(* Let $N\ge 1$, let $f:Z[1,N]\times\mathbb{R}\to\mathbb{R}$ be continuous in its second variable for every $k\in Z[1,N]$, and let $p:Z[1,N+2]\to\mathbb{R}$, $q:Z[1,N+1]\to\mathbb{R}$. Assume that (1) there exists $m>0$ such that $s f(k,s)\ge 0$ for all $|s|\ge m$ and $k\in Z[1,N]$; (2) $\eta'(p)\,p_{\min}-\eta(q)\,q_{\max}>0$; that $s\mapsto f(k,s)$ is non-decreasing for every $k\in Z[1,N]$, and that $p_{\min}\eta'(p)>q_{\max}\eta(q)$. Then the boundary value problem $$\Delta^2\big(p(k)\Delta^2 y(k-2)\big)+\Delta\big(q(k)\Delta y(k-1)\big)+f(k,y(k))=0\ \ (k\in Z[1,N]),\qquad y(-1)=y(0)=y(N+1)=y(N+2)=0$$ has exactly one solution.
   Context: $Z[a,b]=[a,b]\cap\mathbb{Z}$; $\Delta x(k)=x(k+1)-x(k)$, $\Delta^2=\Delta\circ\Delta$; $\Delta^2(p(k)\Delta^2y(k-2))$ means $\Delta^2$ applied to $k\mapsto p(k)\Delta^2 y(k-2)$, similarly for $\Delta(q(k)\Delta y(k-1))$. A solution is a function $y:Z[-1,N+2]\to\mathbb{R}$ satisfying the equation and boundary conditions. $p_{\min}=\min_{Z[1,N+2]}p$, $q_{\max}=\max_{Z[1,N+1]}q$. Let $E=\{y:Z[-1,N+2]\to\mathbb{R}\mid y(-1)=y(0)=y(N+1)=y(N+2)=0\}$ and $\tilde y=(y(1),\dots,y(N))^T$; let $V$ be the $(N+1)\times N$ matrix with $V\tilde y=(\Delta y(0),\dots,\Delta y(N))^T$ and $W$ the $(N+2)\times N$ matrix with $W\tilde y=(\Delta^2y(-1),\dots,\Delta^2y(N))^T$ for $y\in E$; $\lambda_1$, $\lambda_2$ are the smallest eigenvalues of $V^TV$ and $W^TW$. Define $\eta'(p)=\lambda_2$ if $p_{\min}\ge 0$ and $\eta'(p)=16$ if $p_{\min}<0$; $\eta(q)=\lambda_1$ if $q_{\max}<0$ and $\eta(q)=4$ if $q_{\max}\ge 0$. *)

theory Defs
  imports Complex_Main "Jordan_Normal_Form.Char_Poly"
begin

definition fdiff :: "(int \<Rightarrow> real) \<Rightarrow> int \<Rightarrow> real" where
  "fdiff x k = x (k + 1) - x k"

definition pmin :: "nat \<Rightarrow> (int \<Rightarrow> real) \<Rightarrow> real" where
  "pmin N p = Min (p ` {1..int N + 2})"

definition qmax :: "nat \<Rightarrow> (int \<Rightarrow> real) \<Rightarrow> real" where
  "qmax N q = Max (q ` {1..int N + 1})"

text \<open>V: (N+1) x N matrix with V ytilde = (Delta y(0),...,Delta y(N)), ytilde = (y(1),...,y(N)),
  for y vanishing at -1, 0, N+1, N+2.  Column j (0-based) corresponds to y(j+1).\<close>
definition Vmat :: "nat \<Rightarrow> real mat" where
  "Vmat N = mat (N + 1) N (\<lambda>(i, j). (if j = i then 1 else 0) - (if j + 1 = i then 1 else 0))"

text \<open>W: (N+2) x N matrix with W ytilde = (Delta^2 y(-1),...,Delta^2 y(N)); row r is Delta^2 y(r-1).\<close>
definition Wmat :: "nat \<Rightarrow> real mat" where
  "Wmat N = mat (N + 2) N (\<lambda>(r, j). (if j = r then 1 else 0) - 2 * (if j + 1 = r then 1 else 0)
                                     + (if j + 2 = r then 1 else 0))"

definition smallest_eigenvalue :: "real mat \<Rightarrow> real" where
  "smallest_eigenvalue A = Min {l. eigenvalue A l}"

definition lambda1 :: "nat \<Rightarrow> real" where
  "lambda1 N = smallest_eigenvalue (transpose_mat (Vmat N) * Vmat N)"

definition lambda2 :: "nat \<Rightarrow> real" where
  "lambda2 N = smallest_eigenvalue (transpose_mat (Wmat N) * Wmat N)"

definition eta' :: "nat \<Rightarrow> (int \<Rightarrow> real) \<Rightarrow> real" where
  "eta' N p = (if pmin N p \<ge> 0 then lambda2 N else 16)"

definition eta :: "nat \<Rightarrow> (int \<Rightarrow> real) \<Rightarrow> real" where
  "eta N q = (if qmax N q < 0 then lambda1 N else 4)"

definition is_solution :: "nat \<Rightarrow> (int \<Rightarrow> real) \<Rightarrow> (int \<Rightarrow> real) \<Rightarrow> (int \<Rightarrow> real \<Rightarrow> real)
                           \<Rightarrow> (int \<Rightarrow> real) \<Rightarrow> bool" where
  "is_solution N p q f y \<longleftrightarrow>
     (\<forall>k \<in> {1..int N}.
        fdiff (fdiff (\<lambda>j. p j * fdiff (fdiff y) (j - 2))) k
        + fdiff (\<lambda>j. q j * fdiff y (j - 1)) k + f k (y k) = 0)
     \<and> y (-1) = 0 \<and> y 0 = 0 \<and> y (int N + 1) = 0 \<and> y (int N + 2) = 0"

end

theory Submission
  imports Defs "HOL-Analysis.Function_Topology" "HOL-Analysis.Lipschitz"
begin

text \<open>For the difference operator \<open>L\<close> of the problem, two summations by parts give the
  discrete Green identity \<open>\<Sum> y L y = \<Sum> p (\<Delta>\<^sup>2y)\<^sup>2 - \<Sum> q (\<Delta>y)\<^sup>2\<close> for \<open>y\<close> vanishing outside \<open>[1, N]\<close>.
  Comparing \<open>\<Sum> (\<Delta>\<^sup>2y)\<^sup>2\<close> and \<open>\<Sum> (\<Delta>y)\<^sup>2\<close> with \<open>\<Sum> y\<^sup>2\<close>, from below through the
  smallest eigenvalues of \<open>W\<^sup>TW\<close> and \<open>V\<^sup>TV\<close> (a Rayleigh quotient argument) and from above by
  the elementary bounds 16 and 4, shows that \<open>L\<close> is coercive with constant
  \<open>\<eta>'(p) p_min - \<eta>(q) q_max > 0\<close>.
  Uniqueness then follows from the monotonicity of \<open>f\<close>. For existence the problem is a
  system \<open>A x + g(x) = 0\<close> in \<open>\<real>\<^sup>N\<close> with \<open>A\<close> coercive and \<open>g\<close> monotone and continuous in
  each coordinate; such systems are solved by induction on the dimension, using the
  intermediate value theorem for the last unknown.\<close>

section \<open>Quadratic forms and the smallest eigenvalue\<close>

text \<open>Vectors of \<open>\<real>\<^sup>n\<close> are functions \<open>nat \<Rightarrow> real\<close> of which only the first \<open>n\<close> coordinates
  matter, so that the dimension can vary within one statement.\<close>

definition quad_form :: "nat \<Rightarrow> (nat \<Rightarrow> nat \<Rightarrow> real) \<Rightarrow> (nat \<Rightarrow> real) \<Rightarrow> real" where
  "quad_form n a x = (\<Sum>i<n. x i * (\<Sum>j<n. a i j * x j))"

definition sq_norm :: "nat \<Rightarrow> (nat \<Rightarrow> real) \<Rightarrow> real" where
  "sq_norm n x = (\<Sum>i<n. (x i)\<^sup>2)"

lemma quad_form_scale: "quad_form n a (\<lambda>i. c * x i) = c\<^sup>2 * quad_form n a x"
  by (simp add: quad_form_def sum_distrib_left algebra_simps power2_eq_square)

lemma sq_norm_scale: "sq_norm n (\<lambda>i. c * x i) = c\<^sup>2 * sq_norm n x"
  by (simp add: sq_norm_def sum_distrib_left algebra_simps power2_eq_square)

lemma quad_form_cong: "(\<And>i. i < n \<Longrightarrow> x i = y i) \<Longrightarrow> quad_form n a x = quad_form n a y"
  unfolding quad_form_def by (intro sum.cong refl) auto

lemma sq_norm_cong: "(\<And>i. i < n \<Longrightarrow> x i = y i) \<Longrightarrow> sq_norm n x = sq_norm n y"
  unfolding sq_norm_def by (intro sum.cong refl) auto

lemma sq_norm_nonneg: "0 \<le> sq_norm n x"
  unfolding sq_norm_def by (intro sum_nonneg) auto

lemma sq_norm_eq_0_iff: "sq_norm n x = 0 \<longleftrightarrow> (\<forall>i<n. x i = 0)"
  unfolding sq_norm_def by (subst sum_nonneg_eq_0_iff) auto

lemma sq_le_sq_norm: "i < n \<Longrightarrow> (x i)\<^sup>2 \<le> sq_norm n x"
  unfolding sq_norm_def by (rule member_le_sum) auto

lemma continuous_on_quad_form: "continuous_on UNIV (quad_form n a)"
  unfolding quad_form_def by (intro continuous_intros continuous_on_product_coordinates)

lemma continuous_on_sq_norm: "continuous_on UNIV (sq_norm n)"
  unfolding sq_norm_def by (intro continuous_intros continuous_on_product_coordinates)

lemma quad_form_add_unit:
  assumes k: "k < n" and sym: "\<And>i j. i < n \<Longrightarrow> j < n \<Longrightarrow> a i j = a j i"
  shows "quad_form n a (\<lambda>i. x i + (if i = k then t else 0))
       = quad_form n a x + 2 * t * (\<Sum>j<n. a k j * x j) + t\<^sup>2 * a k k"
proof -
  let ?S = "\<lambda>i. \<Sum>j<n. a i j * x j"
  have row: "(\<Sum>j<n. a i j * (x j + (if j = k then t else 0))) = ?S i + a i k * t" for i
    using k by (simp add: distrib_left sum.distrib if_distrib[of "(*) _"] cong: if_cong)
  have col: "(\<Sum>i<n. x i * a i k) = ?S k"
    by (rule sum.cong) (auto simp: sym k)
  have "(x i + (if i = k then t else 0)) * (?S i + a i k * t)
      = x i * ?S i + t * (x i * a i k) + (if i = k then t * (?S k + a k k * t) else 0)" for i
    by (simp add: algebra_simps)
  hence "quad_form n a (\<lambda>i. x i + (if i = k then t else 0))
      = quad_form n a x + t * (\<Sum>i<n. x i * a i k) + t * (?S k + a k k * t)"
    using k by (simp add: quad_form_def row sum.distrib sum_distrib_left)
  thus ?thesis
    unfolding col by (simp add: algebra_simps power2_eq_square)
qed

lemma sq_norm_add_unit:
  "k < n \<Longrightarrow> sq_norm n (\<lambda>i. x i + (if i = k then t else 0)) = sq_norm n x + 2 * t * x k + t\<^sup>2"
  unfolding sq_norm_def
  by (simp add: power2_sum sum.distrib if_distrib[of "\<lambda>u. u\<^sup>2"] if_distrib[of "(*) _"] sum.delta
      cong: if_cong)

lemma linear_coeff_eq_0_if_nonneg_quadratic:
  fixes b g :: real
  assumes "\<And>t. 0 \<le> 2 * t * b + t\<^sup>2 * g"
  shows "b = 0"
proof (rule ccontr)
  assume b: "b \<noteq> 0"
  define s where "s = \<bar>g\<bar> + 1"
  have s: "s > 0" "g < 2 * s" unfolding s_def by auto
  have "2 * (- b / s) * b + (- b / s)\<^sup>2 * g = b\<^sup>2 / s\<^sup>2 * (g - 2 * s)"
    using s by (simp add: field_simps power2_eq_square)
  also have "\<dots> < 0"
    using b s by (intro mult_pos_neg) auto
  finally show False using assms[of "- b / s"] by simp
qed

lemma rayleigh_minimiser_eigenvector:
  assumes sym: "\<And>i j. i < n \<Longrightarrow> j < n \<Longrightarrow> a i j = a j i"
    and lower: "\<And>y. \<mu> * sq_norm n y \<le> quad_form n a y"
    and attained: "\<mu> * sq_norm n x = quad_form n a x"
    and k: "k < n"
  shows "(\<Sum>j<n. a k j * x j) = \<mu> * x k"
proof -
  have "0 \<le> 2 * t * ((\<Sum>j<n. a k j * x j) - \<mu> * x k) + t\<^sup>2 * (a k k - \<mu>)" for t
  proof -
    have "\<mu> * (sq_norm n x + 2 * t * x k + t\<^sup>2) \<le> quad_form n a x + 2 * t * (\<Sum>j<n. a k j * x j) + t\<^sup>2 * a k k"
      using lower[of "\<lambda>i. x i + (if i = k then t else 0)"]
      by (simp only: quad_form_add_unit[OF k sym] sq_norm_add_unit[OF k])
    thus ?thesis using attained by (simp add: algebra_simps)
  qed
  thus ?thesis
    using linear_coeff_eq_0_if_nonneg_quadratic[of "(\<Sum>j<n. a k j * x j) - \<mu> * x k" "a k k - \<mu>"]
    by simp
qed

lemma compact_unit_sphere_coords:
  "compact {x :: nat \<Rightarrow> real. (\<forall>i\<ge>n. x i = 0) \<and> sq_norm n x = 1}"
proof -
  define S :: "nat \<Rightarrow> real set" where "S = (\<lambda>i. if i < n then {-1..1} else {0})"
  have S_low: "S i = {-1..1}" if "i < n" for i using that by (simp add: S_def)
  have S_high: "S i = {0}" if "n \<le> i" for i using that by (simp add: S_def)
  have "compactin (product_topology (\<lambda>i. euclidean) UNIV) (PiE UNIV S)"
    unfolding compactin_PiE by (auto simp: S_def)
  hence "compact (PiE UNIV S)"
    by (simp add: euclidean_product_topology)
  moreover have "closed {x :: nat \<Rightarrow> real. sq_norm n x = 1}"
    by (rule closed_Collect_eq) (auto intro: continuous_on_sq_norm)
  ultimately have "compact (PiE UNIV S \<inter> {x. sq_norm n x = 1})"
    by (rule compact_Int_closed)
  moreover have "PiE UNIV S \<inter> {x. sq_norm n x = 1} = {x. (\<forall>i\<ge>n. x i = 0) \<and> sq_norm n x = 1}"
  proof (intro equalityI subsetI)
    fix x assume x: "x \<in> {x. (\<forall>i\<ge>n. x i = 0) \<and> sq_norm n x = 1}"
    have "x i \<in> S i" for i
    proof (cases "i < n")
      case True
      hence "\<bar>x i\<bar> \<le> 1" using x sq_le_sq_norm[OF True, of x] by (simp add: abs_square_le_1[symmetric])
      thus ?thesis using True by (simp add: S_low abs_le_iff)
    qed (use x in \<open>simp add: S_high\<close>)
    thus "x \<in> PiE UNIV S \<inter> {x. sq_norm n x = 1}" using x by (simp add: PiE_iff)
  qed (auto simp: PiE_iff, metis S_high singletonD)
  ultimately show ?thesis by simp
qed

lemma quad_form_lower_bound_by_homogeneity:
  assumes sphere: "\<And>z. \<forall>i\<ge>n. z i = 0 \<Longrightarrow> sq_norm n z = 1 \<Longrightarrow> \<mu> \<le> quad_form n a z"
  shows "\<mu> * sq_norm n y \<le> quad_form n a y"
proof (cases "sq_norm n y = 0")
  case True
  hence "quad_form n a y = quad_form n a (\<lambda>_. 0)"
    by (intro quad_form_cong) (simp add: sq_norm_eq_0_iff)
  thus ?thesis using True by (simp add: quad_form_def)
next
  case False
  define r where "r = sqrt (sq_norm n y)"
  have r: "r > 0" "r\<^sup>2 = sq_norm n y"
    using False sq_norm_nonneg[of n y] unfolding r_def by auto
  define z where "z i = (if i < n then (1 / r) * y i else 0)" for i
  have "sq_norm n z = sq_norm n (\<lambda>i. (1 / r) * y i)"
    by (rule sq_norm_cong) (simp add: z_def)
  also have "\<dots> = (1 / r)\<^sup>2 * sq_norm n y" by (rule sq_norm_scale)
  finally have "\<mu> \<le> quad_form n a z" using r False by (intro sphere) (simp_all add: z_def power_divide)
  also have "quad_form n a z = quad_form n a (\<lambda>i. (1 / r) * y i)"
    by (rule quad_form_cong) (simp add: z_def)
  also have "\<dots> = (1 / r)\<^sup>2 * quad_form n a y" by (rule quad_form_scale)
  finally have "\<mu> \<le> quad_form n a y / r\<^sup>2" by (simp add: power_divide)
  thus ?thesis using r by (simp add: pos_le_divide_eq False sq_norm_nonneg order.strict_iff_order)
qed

■ ■ ■ ■ ■

§ **Exercise prompt**
Copy every line of the material in which the word "rule" occurs.

§ **Result for this task**
  unfolding sq_norm_def by (rule member_le_sum) auto
    by (rule sum.cong) (auto simp: sym k)
proof (rule ccontr)
    by (rule closed_Collect_eq) (auto intro: continuous_on_sq_norm)
    by (rule compact_Int_closed)
    by (rule sq_norm_cong) (simp add: z_def)
  also have "\<dots> = (1 / r)\<^sup>2 * sq_norm n y" by (rule sq_norm_scale)
    by (rule quad_form_cong) (simp add: z_def)
  also have "\<dots> = (1 / r)\<^sup>2 * quad_form n a y" by (rule quad_form_scale)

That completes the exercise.